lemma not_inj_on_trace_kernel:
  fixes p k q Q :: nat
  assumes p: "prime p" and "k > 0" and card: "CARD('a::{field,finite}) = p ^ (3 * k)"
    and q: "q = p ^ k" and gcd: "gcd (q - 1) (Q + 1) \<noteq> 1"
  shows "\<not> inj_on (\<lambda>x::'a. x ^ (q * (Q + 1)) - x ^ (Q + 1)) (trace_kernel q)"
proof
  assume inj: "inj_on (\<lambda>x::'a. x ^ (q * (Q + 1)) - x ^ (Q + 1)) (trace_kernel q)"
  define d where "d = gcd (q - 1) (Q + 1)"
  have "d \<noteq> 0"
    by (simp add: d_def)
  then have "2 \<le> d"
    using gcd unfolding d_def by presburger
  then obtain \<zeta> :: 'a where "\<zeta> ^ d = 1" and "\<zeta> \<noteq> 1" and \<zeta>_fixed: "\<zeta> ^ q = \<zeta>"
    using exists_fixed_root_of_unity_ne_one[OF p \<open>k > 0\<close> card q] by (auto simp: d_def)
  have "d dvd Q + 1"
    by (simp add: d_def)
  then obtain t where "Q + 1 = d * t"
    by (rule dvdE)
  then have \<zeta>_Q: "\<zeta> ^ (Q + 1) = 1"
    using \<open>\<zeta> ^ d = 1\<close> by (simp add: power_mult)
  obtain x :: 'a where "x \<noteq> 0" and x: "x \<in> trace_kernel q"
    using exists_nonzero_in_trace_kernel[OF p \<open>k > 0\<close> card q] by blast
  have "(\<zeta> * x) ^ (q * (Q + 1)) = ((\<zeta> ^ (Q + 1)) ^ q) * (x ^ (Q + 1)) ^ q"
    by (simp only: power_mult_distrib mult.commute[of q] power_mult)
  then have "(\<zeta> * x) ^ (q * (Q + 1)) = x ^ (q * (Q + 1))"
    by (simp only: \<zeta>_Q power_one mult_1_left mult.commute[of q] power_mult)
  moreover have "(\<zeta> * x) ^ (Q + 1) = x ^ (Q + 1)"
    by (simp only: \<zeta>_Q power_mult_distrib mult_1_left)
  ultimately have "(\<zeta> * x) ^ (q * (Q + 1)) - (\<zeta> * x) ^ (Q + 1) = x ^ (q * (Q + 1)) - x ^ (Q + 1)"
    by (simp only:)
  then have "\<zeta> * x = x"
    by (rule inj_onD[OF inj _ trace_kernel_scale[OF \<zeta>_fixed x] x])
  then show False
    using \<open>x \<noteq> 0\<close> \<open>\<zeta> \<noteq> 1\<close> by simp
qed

...

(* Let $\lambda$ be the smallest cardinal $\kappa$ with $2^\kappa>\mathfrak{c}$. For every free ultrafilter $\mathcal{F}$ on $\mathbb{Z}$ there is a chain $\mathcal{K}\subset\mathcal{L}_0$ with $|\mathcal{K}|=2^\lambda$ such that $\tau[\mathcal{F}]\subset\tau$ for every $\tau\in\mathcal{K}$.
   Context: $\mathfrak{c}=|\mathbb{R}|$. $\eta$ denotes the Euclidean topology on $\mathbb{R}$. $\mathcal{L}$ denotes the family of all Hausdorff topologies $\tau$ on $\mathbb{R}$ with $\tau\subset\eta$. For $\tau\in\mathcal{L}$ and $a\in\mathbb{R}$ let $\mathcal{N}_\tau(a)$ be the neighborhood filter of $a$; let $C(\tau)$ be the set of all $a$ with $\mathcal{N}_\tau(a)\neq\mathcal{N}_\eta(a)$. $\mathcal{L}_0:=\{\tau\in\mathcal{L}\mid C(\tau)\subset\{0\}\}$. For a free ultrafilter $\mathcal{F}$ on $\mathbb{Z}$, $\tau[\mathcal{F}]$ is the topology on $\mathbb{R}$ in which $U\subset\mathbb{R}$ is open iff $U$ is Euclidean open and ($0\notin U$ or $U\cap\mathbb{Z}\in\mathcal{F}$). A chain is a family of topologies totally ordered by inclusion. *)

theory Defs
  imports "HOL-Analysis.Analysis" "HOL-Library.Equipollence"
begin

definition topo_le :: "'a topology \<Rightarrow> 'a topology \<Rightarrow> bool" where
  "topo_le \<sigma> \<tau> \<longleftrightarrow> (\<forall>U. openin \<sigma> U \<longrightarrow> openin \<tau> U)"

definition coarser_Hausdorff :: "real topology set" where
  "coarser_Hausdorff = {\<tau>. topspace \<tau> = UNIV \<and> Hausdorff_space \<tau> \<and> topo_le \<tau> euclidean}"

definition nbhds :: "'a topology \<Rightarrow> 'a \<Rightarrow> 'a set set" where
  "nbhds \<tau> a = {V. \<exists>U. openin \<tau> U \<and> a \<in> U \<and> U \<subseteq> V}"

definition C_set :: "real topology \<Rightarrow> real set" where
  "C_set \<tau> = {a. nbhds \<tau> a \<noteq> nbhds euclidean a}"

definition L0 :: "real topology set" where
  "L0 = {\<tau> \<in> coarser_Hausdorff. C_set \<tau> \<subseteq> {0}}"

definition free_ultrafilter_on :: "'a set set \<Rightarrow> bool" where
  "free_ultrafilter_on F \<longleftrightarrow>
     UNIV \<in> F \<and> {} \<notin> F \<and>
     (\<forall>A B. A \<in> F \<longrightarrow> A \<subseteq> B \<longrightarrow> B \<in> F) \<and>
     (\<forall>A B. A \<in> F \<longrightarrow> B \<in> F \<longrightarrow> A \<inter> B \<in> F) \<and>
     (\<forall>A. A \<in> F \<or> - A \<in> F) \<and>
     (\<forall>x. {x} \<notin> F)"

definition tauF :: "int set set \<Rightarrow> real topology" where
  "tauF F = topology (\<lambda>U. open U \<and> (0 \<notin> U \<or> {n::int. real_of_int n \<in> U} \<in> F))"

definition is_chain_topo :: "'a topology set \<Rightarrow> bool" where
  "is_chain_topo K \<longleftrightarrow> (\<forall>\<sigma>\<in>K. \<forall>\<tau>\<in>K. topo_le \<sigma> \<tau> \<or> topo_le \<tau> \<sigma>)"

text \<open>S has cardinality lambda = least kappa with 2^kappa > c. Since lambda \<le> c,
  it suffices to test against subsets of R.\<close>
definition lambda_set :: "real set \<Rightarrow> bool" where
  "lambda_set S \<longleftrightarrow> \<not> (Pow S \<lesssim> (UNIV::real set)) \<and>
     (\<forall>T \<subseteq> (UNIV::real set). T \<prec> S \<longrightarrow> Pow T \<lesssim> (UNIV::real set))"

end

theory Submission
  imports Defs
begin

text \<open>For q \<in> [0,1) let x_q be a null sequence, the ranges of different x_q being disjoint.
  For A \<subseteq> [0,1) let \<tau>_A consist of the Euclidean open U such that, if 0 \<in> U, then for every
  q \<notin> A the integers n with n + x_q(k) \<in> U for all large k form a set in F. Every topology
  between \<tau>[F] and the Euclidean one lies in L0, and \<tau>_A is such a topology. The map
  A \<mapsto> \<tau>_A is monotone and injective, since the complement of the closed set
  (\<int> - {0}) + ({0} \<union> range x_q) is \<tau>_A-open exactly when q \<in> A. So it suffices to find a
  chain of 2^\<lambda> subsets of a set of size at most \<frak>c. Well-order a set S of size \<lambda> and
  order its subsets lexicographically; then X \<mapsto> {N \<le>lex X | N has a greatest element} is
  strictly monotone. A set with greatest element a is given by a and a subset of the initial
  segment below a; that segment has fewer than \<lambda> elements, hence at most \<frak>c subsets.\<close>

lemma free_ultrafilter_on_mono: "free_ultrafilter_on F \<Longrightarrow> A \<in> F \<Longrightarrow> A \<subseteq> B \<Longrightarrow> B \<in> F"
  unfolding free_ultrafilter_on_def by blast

◆ **WORK REQUEST**
Could you repeat exactly the lines above from the line with "by (simp only: \<zeta>_Q power_mult_distrib" up to and including the line with "then show False", and only those?

◆ **ANSWER TO THIS EXERCISE**
    by (simp only: \<zeta>_Q power_mult_distrib mult_1_left)
  ultimately have "(\<zeta> * x) ^ (q * (Q + 1)) - (\<zeta> * x) ^ (Q + 1) = x ^ (q * (Q + 1)) - x ^ (Q + 1)"
    by (simp only:)
  then have "\<zeta> * x = x"
    by (rule inj_onD[OF inj _ trace_kernel_scale[OF \<zeta>_fixed x] x])
  then show False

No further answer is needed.